Ricardo Pereira da Silva (RPS): Porquê a Arquitectura, enquanto opção de vida?

Joana Marcelino (JM): Terei de  que recuar à minha infância, quase ao momento em que aprendi a falar… Nunca questionei o que queria ser na vida. Sempre tive certezas. Na altura, chamava-lhe ‘desenho de casas’. Lembro-me que, já na escola primária, os meus textos iam sempre dar ao ‘espaço’ e acabava a desenhar casas. Sempre com régua e esquadro. E um dia, aos 6 anos de idade, o Director Pedagógico fez uma visita à minha sala e, ao olhar para os meus cadernos, disse: ‘Eu já sei o que esta menina quer ser quando for grande: Arquitecta’. E foi nesse dia que conheci a palavra Arquitectura e que nunca mais tive dúvidas do que queria ser na vida. Claro que o facto da minha mãe ter imenso cuidado com a Decoração da nossa casa e o meu pai passar os fins-de-semana a comprar antiguidades para misturar com peças mais contemporâneas, teve influência sobre mim. Lembro-me de, já nessa altura, ter especial interesse pelos recantos das casas e perceber como estes poderiam ser ideais para promover estados de espírito; e também a minha preocupação sobre o equilíbrio entre os interiores e os exteriores. E sempre lutei pelo sonho. Percebi desde cedo que a Psicologia tem uma presença forte na ‘minha’ arquitectura. Lembro-me, inclusivamente, de no 12ª Ano me questionar se devia abandonar a Arquitectura e seguir Psicologia… Hoje sei que andam lado a lado: olho para  a Arquitectura como a ‘Psicologia do Espaço’. Na verdade, eu nunca questionei fazer somente uma arquitectura de programa e de interpretação do lugar. Os grandes percursos… Revejo-me numa arquitectura de escala mais humana.
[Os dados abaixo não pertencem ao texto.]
(* Let $n\ge2$ and consider $n$ qubits, $\mathcal H=(\mathbb C^2)^{\otimes n}$, in the drift-less setting with neighborhoods $\mathcal N_1,\dots,\mathcal N_M$ each satisfying $|\mathcal N_k|<n/2$ (i.e. no neighborhood contains $n/2$ qubits if $n$ is even, or $(n+1)/2$ qubits if $n$ is odd). Then the GHZ state $\rho_{\mathrm{GHZ}}=|\Psi_{\mathrm{GHZ}}\rangle\langle\Psi_{\mathrm{GHZ}}|$, $|\Psi_{\mathrm{GHZ}}\rangle=(|0\rangle^{\otimes n}+|1\rangle^{\otimes n})/\sqrt2$, is not QLS.
   Context: Neighborhoods are subsets of $\{1,\dots,n\}$. QL operator: $X_{\mathcal N_k}\otimes I_{\bar{\mathcal N}_k}$; QL Hamiltonian: sum of Hermitian QL operators. $\mathcal L(H,\{D_k\})(\rho)=-i[H,\rho]+\sum_k(D_k\rho D_k^\dagger-\frac12\{D_k^\dagger D_k,\rho\})$. A pure state $\rho_d=|\Psi\rangle\langle\Psi|$ is QLS if there exist a QL Hamiltonian $H_c$ and finitely many QL operators $D_k$ with $D_k|\Psi\rangle=0$ and $H_c|\Psi\rangle\in\mathbb R|\Psi\rangle$ such that $e^{\mathcal L(H_c,\{D_k\})t}(\rho_0)\to\rho_d$ for every density operator $\rho_0$. *)

theory Defs
  imports "HOL-Analysis.Analysis"
begin

text \<open>Qubits are indexed by a finite type 'q (n = CARD('q)). The computational basis of
  (C^2)^{\<otimes> n} is indexed by 'q set: the basis vector indexed by S has qubit q in state |1>
  iff q \<in> S.\<close>

type_synonym 'q qvec = "complex ^ ('q set)"
type_synonym 'q qop = "complex ^ ('q set) ^ ('q set)"

definition smul :: "complex \<Rightarrow> 'q::finite qop \<Rightarrow> 'q qop" where
  "smul c A = (\<chi> i j. c * A $ i $ j)"

definition adj :: "'q::finite qop \<Rightarrow> 'q qop" where
  "adj A = (\<chi> i j. cnj (A $ j $ i))"

definition hermitian :: "'q::finite qop \<Rightarrow> bool" where
  "hermitian A \<longleftrightarrow> adj A = A"

definition inner_c :: "'q::finite qvec \<Rightarrow> 'q qvec \<Rightarrow> complex" where
  "inner_c v w = (\<Sum>i\<in>UNIV. cnj (v $ i) * w $ i)"

definition psd :: "'q::finite qop \<Rightarrow> bool" where
  "psd A \<longleftrightarrow> (\<forall>v. Im (inner_c v (A *v v)) = 0 \<and> Re (inner_c v (A *v v)) \<ge> 0)"

definition trace_c :: "'q::finite qop \<Rightarrow> complex" where
  "trace_c A = (\<Sum>i\<in>UNIV. A $ i $ i)"

definition density_op :: "'q::finite qop \<Rightarrow> bool" where
  "density_op \<rho> \<longleftrightarrow> hermitian \<rho> \<and> psd \<rho> \<and> trace_c \<rho> = 1"

definition outer :: "'q::finite qvec \<Rightarrow> 'q qvec \<Rightarrow> 'q qop" where
  "outer v w = (\<chi> i j. v $ i * cnj (w $ j))"

text \<open>A is quasi-local on neighborhood N: A = X_N \<otimes> I on the complement of N.\<close>
definition QL_on :: "'q::finite set \<Rightarrow> 'q qop \<Rightarrow> bool" where
  "QL_on N A \<longleftrightarrow> (\<exists>X :: 'q set \<Rightarrow> 'q set \<Rightarrow> complex.
      \<forall>S T. A $ S $ T = (if S - N = T - N then X (S \<inter> N) (T \<inter> N) else 0))"

definition QL_op :: "'q::finite set set \<Rightarrow> 'q qop \<Rightarrow> bool" where
  "QL_op Ns A \<longleftrightarrow> (\<exists>N\<in>Ns. QL_on N A)"

definition QL_hamiltonian :: "'q::finite set set \<Rightarrow> 'q qop \<Rightarrow> bool" where
  "QL_hamiltonian Ns H \<longleftrightarrow>
     (\<exists>Hs. (\<forall>h\<in>set Hs. hermitian h \<and> QL_op Ns h) \<and> H = sum_list Hs)"

definition lindblad :: "'q::finite qop \<Rightarrow> 'q qop list \<Rightarrow> 'q qop \<Rightarrow> 'q qop" where
  "lindblad H Ds \<rho> =
     smul (-\<i>) (H ** \<rho> - \<rho> ** H)
     + sum_list (map (\<lambda>D. D ** \<rho> ** adj D
          - smul (1/2) (adj D ** D ** \<rho> + \<rho> ** (adj D ** D))) Ds)"

definition semigroup :: "('q::finite qop \<Rightarrow> 'q qop) \<Rightarrow> real \<Rightarrow> 'q qop \<Rightarrow> 'q qop" where
  "semigroup L t \<rho> = (\<Sum>k. (t ^ k / fact k) *\<^sub>R (L ^^ k) \<rho>)"

definition QLS :: "'q::finite set set \<Rightarrow> 'q qvec \<Rightarrow> bool" where
  "QLS Ns \<psi> \<longleftrightarrow>
     (\<exists>Hc Ds. QL_hamiltonian Ns Hc \<and> (\<forall>D\<in>set Ds. QL_op Ns D)
        \<and> (\<forall>D\<in>set Ds. D *v \<psi> = 0)
        \<and> (\<exists>r::real. Hc *v \<psi> = (\<chi> i. complex_of_real r * \<psi> $ i))
        \<and> (\<forall>\<rho>0. density_op \<rho>0 \<longrightarrow>
              ((\<lambda>t. semigroup (lindblad Hc Ds) t \<rho>0) \<longlongrightarrow> outer \<psi> \<psi>) at_top))"

definition GHZ :: "'q::finite qvec" where
  "GHZ = (\<chi> S. if S = {} \<or> S = UNIV then complex_of_real (1 / sqrt 2) else 0)"

end

theory Submission
  imports Defs
begin

text \<open>Every quasi-local operator acting on fewer than n/2 qubits maps the branch
  |0...0> of the GHZ state into the span of basis states with fewer than n/2 ones, and the
  branch |1...1> into the span of the others; this property survives sums. Hence an operator
  of the QLS data having GHZ as an eigenvector has |0...0> as an eigenvector with the same
  eigenvalue. So the dissipators annihilate |0...0> and the Hamiltonian fixes it up to a real
  phase, which makes the pure state |0...0><0...0| stationary; the dynamics started there
  cannot converge to the GHZ state.\<close>

lemma matrix_mul_zero_left [simp]: "(0 :: 'a::semiring_1 ^ 'n ^ 'm) ** A = 0"
  by (simp add: vec_eq_iff matrix_matrix_mult_def)

lemma matrix_mul_zero_right [simp]: "A ** (0 :: 'a::semiring_1 ^ 'n ^ 'm) = 0"
  by (simp add: vec_eq_iff matrix_matrix_mult_def)

lemma smul_zero [simp]: "smul c 0 = 0"
  by (simp add: smul_def vec_eq_iff)

lemma adj_adj [simp]: "adj (adj A) = A"
  by (simp add: adj_def vec_eq_iff)

lemma adj_zero: "adj 0 = 0"
  by (simp add: adj_def vec_eq_iff)

lemma adj_add: "adj (A + B) = adj A + adj B"
  by (simp add: adj_def vec_eq_iff)

lemma adj_matrix_mult: "adj (A ** B) = adj B ** adj A"
  by (simp add: adj_def vec_eq_iff matrix_matrix_mult_def mult.commute)

lemma hermitian_sum_list: "\<forall>A\<in>set As. hermitian A \<Longrightarrow> hermitian (sum_list As)"
  by (induction As) (simp_all add: hermitian_def adj_zero adj_add)

lemma matrix_mult_outer: "A ** outer v w = outer (A *v v) w"
  by (simp add: vec_eq_iff outer_def matrix_matrix_mult_def matrix_vector_mult_def
      sum_distrib_right mult.assoc)

lemma outer_matrix_mult: "outer v w ** A = outer v (adj A *v w)"
  by (simp add: vec_eq_iff outer_def matrix_matrix_mult_def matrix_vector_mult_def adj_def
      sum_distrib_left mult_ac)

lemma outer_zero_left [simp]: "outer 0 w = 0"
  by (simp add: vec_eq_iff outer_def)

lemma outer_zero_right [simp]: "outer v 0 = 0"
  by (simp add: vec_eq_iff outer_def)

lemma lindblad_zero: "lindblad H Ds 0 = 0"
  by (simp add: lindblad_def)

lemma lindblad_outer_eq_0:
  assumes H: "hermitian H" and eig: "H *v v = complex_of_real r *s v"
    and D: "\<forall>D\<in>set Ds. D *v v = 0"
  shows "lindblad H Ds (outer v v) = 0"
proof -
  have "H ** outer v v = outer (complex_of_real r *s v) v"
    using eig by (simp add: matrix_mult_outer)
  moreover have "outer v v ** H = outer v (complex_of_real r *s v)"
    using H eig by (simp add: outer_matrix_mult hermitian_def)
  ultimately have commutator: "H ** outer v v - outer v v ** H = 0"
    by (simp add: vec_eq_iff outer_def)
  have dissipator: "D ** outer v v ** adj D - smul (1/2) (adj D ** D ** outer v v
      + outer v v ** (adj D ** D)) = 0" if "D \<in> set Ds" for D
  proof -
    have "D *v v = 0" using D that by blast
    then have "(adj D ** D) *v v = 0"
      by (simp flip: matrix_vector_mul_assoc)
    with \<open>D *v v = 0\<close> show ?thesis
      by (simp add: matrix_mult_outer outer_matrix_mult adj_matrix_mult)
  qed
  show ?thesis
    unfolding lindblad_def commutator by (simp add: dissipator cong: map_cong)
qed

lemma semigroup_fixed_point:
  assumes "L \<rho> = 0" "L 0 = 0"
  shows "semigroup L t \<rho> = \<rho>"
proof -
  have "(L ^^ Suc k) \<rho> = 0" for k
    by (induction k) (simp_all add: assms)
  then have "(\<lambda>k. (t ^ k / fact k) *\<^sub>R (L ^^ k) \<rho>) = (\<lambda>k. if k = 0 then \<rho> else 0)"
    by (metis (no_types) funpow_0 not0_implies_Suc power_0 fact_0 div_by_1 scaleR_one scaleR_zero_right)
  then show ?thesis
    unfolding semigroup_def using sums_single[of 0 "\<lambda>_. \<rho>"] sums_unique by fastforce
qed

lemma outer_mult_vec: "(outer v v *v w) $ i = v $ i * inner_c v w"
  by (simp add: outer_def matrix_vector_mult_def inner_c_def sum_distrib_left mult_ac)

lemma inner_c_axis: "inner_c (axis i 1) (axis i 1) = 1"
proof -
  have "inner_c (axis i 1) (axis i 1) = (\<Sum>j\<in>UNIV. if j = i then 1 else 0)"
    unfolding inner_c_def by (rule sum.cong) (auto simp: axis_def)
  then show ?thesis by simp
qed

lemma density_op_outer:
  assumes "inner_c v v = 1"
  shows "density_op (outer v v)"
proof -
  have "inner_c w (outer v v *v w) = inner_c v w * cnj (inner_c v w)" for w
    by (simp add: outer_mult_vec inner_c_def sum_distrib_right mult_ac)
  then have "psd (outer v v)"
    by (simp add: psd_def complex_mult_cnj)
  moreover have "trace_c (outer v v) = inner_c v v"
    by (simp add: trace_c_def inner_c_def outer_def mult.commute)
  ultimately show ?thesis
    using assms by (simp add: density_op_def hermitian_def adj_def outer_def vec_eq_iff mult.commute)
qed

definition light :: "'q::finite set \<Rightarrow> bool" where
  "light S \<longleftrightarrow> 2 * card S < CARD('q)"

definition branch_preserving :: "'q::finite qop \<Rightarrow> bool" where
  "branch_preserving A \<longleftrightarrow>
     (\<forall>S. A $ S $ {} \<noteq> 0 \<longrightarrow> light S) \<and> (\<forall>S. A $ S $ UNIV \<noteq> 0 \<longrightarrow> \<not> light S)"

lemma light_empty: "light ({} :: 'q::finite set)"
  by (simp add: light_def)

lemma not_light_UNIV: "\<not> light (UNIV :: 'q::finite set)"
  by (simp add: light_def)

lemma QL_on_entry_eq_0:
  assumes "QL_on N A" "S - N \<noteq> T - N"
  shows "A $ S $ T = 0"
proof -
  obtain X where "\<forall>S T. A $ S $ T = (if S - N = T - N then X (S \<inter> N) (T \<inter> N) else 0)"
    using assms(1) unfolding QL_on_def by blast
  then show ?thesis using assms(2) by simp
qed

lemma QL_on_light_branch_preserving:
  fixes A :: "'q::finite qop"
  assumes QL: "QL_on N A" and N: "light N"
  shows "branch_preserving A"
  unfolding branch_preserving_def
proof (intro conjI allI impI)
  fix S :: "'q set"
  assume "A $ S $ {} \<noteq> 0"
  then have "S \<subseteq> N"
    using QL_on_entry_eq_0[OF QL, of S "{}"] by auto
  then show "light S"
    using N card_mono[of N S] by (simp add: light_def)
next
  fix S :: "'q set"
  assume "A $ S $ UNIV \<noteq> 0"
  then have "UNIV - N \<subseteq> S"
    using QL_on_entry_eq_0[OF QL, of S UNIV] by auto
  then have "CARD('q) - card N \<le> card S"
    using card_mono[of S "UNIV - N"] by (simp add: card_Diff_subset)
  then show "\<not> light S"
    using N by (simp add: light_def)
qed

lemma QL_op_branch_preserving:
  "QL_op Ns A \<Longrightarrow> \<forall>N\<in>Ns. light N \<Longrightarrow> branch_preserving A"
  unfolding QL_op_def using QL_on_light_branch_preserving by blast

lemma branch_preserving_zero: "branch_preserving (0 :: 'q::finite qop)"
  by (simp add: branch_preserving_def)

lemma branch_preserving_add:
  "branch_preserving A \<Longrightarrow> branch_preserving B \<Longrightarrow> branch_preserving (A + B)"
  unfolding branch_preserving_def by (metis add.right_neutral vector_add_component)

lemma branch_preserving_sum_list:
  "\<forall>A\<in>set As. branch_preserving A \<Longrightarrow> branch_preserving (sum_list As)"
  by (induction As) (simp_all add: branch_preserving_zero branch_preserving_add)

lemma matrix_vector_mult_GHZ:
  fixes A :: "'q::finite qop"
  shows "(A *v GHZ) $ S = complex_of_real (1 / sqrt 2) * (A $ S $ {} + A $ S $ UNIV)"
proof -
  let ?c = "complex_of_real (1 / sqrt 2)"
  have "(A *v GHZ) $ S = (\<Sum>T\<in>UNIV. A $ S $ T * (if T = {} \<or> T = UNIV then ?c else 0))"
    by (simp add: matrix_vector_mult_def GHZ_def)
  also have "\<dots> = (\<Sum>T\<in>{{}, UNIV}. A $ S $ T * ?c)"
    by (rule sum.mono_neutral_cong_right) auto
  also have "\<dots> = ?c * (A $ S $ {} + A $ S $ UNIV)"
    by (simp add: algebra_simps)
  finally show ?thesis .
qed

lemma branch_preserving_GHZ_eigenvector:
  fixes A :: "'q::finite qop"
  assumes bp: "branch_preserving A" and eig: "A *v GHZ = c *s GHZ"
  shows "A *v axis {} 1 = c *s axis {} 1"
proof -
  have "A $ S $ {} = (if S = {} then c else 0)" for S
  proof -
    have "complex_of_real (1 / sqrt 2) * (A $ S $ {} + A $ S $ UNIV)
        = complex_of_real (1 / sqrt 2) * (if S = {} \<or> S = UNIV then c else 0)"
      using arg_cong[OF eig, of "\<lambda>v. v $ S"]
      unfolding matrix_vector_mult_GHZ vector_smult_component by (simp add: GHZ_def)
    then have GHZ_S: "A $ S $ {} + A $ S $ UNIV = (if S = {} \<or> S = UNIV then c else 0)"
      by simp
    show ?thesis
    proof (cases "light S")
      case True
      then have "A $ S $ UNIV = 0" "S \<noteq> UNIV"
        using bp not_light_UNIV by (auto simp: branch_preserving_def)
      then show ?thesis using GHZ_S by simp
    next
      case False
      then show ?thesis using light_empty bp by (auto simp: branch_preserving_def)
    qed
  qed
  then show ?thesis
    by (simp add: vec_eq_iff matrix_vector_mult_def axis_def if_distrib cong: if_cong)
qed

theorem proposition5:
  fixes Ns :: "'q::finite set set"
  assumes "CARD('q) \<ge> 2"
    and "\<forall>N\<in>Ns. 2 * card N < CARD('q)"
  shows "\<not> QLS Ns (GHZ :: 'q qvec)"
proof
  assume "QLS Ns (GHZ :: 'q qvec)"
  then obtain Hc Ds r where Hc: "QL_hamiltonian Ns Hc" and D_QL: "\<forall>D\<in>set Ds. QL_op Ns D"
    and D_GHZ: "\<forall>D\<in>set Ds. D *v GHZ = 0"
    and Hc_GHZ: "Hc *v GHZ = complex_of_real r *s GHZ"
    and converges: "\<forall>\<rho>0. density_op \<rho>0 \<longrightarrow>
          ((\<lambda>t. semigroup (lindblad Hc Ds) t \<rho>0) \<longlongrightarrow> outer GHZ GHZ) at_top"
    unfolding QLS_def vector_scalar_mult_def by blast
  obtain Hs where Hs: "\<forall>h\<in>set Hs. hermitian h \<and> QL_op Ns h" and Hc_sum: "Hc = sum_list Hs"
    using Hc unfolding QL_hamiltonian_def by blast
  have light: "\<forall>N\<in>Ns. light N"
    using assms(2) by (simp add: light_def)
  define e :: "'q qvec" where "e = axis {} 1"
  have "Hc *v e = complex_of_real r *s e"
    using Hs light Hc_GHZ Hc_sum unfolding e_def
    by (metis QL_op_branch_preserving branch_preserving_sum_list branch_preserving_GHZ_eigenvector)
  moreover have "D *v e = 0" if "D \<in> set Ds" for D
    using branch_preserving_GHZ_eigenvector[OF QL_op_branch_preserving[OF _ light], of D 0]
      D_QL D_GHZ that unfolding e_def by simp
  moreover have "hermitian Hc"
    using Hs hermitian_sum_list Hc_sum by blast
  ultimately have "lindblad Hc Ds (outer e e) = 0"
    by (intro lindblad_outer_eq_0) blast+
  then have "(\<lambda>t. semigroup (lindblad Hc Ds) t (outer e e)) = (\<lambda>t. outer e e)"
    by (simp add: lindblad_zero semigroup_fixed_point)
  moreover have "density_op (outer e e)"
    by (rule density_op_outer) (simp add: e_def inner_c_axis)
  ultimately have "((\<lambda>t. outer e e) \<longlongrightarrow> outer GHZ GHZ) (at_top :: real filter)"
    using converges by metis
  then have "outer e e = outer GHZ GHZ"
    using tendsto_const_iff[OF trivial_limit_at_top_linorder] by blast
  then have "outer e e $ {} $ {} = outer (GHZ :: 'q qvec) GHZ $ {} $ {}"
    by simp
  then show False
    by (simp add: e_def outer_def GHZ_def flip: of_real_mult)
qed

end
RPS: O que entendes por Psicologia do Espaço?

JM: O espaço tem um papel fundamental nas nossas vidas, até na  forma como nos movemos. É algo que influencia o nosso estado de espírito, logo também as nossas acções. Uma casa do tipo minimalista, pode facilmente tornar-se numa casa desprovida de identidade. Há ali uma interpretação do lugar, mas raramente há a definição da personalidade de quem lá vive. Qualquer pessoa poderia habitar aquela casa, independentemente dos seus traços pessoais, mas muito poucas se sentiriam felizes nela. O que é bonito é entrarmos dentro do universo das pessoas – que é muito íntimo; das pessoas e da família, ou mesmo da empresa – que tem valores próprios e uma missão a transmitir – e passar essa identidade para o espaço. Quando isso acontece, é comparável à roupa que vestimos para sair à rua.

RPS: Ou seja, tem mais a ver com a aplicação da personalidade da pessoa ao espaço que vão utilizar; ou com a harmonização dos espaços, com vista ao bem-estar das pessoas que o utilizam – como é defendido, por exemplo, no Feng Shui?

JM: Tem a ver com o bem-estar duma forma generalizada, porque pode ter duas vertentes: a encomenda que vem por parte do cliente que quer uma casa e nesse caso terei de estudar esse mesmo cliente e tenho de transpor aquilo que ele é e a sua dinâmica, acrescentando sempre o ‘algo mais’ que provavelmente ainda não vislumbrou, mas que me cabe a mim antecipar, com base na leitura dos dados que  fornece; ou, então, uma empresa, que tem valores e uma missão bem definida e enraizada, e aí o meu papel será influenciar o utilizador do espaço – do colaborador ao cliente – para ir de encontro ao seu bem-estar, mas também aos objectivos de quem encomenda o projecto.

RPS: Se tivesses que escolher só uma das definições, dirias que a Arquitectura é Arte ou é Design?

JM: É a base para a Arte e para o Design. Na Arquitectura cruzamos as duas, mas também outras disciplinas. como a Moda, por exemplo. Até uma loja de vestuário  precisa de um enquadramento que vá ao encontro do produto, para que o mesmo seja bem sucedido junto do cliente. O que seria a Moda sem a Arquitectura? Um desfile sem cenário e sem contexto? Um quadro, por exemplo, tem outra presença quando está numa parede que melhor o enaltece. No inicio da minha incursão no Design de Produto, tive a sorte de me cruzar com o Marcel Wanders, e perguntei-lhe: ‘Como se atreveu a desenhar um cavalo à escala real, se apenas tem o detalhe  de uma lâmpada no topo da cabeça?’ Ele respondeu: o problema não está na peça, mas nos arquitectos que desenham as casas sempre com o mesmo pé-direito. E aquilo fez-me ver o quão importante é fazermos interpretações diferentes e levadas ao limite, porque todos somos diferentes uns dos outros. Devemos criar espaços que facilitem a inclusão do elemento Diferença..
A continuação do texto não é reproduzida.